::: SUPPLIED DATA

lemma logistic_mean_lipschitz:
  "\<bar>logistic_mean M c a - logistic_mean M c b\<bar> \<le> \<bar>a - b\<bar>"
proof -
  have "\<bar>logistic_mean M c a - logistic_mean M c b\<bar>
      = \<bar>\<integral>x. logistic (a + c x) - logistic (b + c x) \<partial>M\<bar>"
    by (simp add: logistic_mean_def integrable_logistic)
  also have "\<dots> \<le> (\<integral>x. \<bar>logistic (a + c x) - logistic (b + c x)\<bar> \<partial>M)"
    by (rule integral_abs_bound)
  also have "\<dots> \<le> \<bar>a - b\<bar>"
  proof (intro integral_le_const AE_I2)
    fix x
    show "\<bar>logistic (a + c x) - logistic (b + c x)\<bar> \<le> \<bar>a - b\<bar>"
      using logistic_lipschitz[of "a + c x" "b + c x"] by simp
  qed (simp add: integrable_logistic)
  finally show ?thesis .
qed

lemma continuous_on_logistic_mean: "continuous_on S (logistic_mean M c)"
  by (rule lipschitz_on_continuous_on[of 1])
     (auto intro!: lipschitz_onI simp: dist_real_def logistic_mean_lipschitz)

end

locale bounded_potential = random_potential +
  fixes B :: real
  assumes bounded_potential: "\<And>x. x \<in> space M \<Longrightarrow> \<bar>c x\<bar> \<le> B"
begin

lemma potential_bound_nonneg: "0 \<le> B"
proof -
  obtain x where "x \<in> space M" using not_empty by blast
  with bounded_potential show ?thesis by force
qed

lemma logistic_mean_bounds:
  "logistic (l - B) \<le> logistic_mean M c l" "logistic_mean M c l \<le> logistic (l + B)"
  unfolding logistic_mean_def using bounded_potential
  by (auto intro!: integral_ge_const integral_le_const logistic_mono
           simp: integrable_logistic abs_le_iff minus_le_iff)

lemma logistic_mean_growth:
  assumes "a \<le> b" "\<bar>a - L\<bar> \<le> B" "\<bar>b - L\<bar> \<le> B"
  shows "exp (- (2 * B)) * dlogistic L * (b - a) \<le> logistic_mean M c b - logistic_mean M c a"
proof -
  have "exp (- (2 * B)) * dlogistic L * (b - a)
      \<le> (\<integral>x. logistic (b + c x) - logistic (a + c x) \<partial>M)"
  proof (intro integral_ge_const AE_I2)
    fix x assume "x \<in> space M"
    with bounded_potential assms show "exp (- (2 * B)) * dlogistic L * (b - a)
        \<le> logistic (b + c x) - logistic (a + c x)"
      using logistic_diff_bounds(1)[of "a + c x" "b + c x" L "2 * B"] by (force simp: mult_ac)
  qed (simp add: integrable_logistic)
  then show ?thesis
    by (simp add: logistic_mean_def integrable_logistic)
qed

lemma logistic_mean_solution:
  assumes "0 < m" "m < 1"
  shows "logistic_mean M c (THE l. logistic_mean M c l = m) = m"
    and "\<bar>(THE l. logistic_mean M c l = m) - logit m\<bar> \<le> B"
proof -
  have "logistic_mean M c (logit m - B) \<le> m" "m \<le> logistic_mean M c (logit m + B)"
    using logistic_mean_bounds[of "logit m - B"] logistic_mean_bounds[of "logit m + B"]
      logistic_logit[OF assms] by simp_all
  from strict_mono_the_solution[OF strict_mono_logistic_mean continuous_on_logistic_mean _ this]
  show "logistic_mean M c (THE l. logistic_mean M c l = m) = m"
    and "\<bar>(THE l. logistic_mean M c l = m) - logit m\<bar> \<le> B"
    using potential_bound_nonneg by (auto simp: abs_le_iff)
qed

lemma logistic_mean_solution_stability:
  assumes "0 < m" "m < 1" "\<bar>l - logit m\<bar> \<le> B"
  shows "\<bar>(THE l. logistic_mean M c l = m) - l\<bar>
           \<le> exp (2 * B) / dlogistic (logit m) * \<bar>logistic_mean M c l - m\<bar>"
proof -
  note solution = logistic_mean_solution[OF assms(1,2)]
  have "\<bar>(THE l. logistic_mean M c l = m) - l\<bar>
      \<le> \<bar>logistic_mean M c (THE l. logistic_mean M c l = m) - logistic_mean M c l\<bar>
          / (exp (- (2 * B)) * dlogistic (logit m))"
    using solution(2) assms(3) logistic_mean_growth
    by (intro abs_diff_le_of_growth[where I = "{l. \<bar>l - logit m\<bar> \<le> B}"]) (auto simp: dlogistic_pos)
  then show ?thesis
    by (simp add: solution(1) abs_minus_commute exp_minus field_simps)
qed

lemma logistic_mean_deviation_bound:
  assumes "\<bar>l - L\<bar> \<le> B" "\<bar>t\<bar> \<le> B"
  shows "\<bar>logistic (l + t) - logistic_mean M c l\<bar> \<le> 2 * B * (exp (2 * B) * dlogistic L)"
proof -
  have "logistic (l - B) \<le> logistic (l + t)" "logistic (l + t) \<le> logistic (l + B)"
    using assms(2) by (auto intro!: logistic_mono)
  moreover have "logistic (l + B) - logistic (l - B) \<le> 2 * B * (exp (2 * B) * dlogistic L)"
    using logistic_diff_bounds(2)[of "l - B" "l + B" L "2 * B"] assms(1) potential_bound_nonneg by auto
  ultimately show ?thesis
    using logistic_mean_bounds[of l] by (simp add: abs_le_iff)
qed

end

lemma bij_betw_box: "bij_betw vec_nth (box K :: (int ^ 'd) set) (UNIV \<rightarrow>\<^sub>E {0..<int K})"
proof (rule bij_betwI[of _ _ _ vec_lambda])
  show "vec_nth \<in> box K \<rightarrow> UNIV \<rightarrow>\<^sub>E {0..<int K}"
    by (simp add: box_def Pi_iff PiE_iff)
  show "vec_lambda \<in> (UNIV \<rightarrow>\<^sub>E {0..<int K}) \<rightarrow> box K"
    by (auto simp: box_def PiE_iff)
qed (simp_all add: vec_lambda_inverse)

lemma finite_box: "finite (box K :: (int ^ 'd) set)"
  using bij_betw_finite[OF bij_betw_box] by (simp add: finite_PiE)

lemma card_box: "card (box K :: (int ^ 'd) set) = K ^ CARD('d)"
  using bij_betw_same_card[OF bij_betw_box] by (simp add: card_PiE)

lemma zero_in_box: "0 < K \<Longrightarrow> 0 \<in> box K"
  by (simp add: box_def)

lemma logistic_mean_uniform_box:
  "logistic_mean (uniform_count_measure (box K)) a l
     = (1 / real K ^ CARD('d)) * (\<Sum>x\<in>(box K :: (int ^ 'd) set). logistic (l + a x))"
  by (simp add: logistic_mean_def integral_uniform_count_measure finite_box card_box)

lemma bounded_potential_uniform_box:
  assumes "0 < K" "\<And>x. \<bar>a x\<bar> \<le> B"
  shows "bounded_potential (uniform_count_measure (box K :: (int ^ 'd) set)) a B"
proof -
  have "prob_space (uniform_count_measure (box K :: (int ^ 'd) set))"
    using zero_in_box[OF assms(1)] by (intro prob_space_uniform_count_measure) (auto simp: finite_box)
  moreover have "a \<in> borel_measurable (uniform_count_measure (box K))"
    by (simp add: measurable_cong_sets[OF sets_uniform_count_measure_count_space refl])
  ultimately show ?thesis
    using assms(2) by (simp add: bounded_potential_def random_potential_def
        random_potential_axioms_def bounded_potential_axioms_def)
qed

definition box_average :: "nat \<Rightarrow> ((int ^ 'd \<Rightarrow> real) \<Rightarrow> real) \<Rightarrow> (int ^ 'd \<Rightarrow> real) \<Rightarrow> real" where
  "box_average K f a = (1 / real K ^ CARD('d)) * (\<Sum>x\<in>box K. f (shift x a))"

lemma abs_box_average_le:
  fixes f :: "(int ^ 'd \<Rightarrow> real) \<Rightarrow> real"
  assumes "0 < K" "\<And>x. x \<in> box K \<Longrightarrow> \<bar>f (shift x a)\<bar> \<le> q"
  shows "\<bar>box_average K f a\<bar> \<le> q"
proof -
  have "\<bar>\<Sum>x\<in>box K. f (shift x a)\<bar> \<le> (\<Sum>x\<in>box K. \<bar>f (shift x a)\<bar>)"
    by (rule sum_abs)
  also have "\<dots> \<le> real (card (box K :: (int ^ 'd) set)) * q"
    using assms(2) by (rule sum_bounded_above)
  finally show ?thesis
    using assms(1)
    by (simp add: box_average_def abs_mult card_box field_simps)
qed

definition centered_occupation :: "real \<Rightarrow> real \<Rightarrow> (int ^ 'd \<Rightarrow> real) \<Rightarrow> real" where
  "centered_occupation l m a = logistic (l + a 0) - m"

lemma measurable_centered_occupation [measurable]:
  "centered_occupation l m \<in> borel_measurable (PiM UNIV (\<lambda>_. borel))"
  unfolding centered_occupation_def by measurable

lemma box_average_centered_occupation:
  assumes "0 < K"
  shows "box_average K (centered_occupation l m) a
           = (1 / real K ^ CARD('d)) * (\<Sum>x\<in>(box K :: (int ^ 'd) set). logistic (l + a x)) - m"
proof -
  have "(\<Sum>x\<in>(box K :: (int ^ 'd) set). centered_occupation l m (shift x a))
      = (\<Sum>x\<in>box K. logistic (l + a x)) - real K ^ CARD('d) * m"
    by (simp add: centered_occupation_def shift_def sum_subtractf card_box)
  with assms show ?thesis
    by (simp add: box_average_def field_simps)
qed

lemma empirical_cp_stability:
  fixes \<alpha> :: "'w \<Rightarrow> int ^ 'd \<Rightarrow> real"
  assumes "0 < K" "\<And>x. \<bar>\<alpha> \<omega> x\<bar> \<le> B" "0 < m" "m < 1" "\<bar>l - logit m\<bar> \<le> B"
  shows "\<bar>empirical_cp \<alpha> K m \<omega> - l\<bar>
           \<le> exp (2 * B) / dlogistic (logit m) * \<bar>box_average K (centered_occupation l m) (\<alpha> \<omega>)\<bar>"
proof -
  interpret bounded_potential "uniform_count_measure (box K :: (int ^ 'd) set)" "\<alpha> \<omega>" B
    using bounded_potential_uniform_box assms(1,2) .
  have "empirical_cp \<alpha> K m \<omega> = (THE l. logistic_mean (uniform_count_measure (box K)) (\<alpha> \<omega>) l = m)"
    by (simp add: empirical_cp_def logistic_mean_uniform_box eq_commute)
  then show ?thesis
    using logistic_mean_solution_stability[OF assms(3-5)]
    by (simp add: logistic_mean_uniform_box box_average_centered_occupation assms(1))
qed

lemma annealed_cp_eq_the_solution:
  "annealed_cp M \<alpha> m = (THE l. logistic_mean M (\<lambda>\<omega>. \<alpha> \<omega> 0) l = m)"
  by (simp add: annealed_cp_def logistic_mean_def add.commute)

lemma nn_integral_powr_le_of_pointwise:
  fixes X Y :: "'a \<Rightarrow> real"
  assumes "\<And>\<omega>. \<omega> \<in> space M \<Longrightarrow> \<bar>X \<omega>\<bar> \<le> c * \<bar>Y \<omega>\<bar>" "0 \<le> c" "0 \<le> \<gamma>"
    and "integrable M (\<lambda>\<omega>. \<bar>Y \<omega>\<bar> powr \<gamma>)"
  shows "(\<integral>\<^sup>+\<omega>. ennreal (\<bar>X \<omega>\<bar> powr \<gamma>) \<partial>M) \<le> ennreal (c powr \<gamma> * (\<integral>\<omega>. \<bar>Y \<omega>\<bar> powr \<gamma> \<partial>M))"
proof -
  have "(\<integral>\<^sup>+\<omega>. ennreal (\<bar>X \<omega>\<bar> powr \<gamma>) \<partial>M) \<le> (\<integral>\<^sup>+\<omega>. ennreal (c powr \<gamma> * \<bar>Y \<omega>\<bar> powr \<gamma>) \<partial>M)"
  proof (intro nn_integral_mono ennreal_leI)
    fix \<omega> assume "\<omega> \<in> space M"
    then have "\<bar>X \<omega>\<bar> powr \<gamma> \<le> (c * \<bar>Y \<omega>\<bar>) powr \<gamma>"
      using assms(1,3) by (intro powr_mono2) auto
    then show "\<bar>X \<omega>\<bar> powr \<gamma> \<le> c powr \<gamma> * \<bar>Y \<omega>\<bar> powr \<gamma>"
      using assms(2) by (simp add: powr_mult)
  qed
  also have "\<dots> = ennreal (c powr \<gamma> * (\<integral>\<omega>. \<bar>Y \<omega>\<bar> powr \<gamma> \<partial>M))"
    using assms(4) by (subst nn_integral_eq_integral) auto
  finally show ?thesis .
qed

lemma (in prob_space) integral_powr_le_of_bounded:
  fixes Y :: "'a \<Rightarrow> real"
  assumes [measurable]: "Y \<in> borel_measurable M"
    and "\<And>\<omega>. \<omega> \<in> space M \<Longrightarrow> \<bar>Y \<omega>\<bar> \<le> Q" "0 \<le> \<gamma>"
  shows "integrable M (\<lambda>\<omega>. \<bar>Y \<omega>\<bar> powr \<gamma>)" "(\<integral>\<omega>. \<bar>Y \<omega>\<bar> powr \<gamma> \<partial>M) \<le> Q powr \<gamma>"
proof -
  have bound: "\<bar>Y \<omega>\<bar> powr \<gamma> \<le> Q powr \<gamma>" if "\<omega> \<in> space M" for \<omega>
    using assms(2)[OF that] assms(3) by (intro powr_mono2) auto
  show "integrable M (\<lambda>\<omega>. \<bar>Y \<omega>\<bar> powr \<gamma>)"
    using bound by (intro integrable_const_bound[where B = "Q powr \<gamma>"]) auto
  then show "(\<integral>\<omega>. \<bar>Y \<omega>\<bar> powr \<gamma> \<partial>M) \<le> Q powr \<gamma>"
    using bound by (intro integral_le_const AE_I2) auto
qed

::::::

• _EXERCISE BRIEF_
In the entries above, please find the line with "(force simp: mult_ac)" and the line with "from strict_mono_the_solution[OF strict_mono_logistic_mean", then write out exactly those two lines and every line between them, and nothing more.

• _TASK SOLUTION_
      using logistic_diff_bounds(1)[of "a + c x" "b + c x" L "2 * B"] by (force simp: mult_ac)
  qed (simp add: integrable_logistic)
  then show ?thesis
    by (simp add: logistic_mean_def integrable_logistic)
qed

lemma logistic_mean_solution:
  assumes "0 < m" "m < 1"
  shows "logistic_mean M c (THE l. logistic_mean M c l = m) = m"
    and "\<bar>(THE l. logistic_mean M c l = m) - logit m\<bar> \<le> B"
proof -
  have "logistic_mean M c (logit m - B) \<le> m" "m \<le> logistic_mean M c (logit m + B)"
    using logistic_mean_bounds[of "logit m - B"] logistic_mean_bounds[of "logit m + B"]
      logistic_logit[OF assms] by simp_all
  from strict_mono_the_solution[OF strict_mono_logistic_mean continuous_on_logistic_mean _ this]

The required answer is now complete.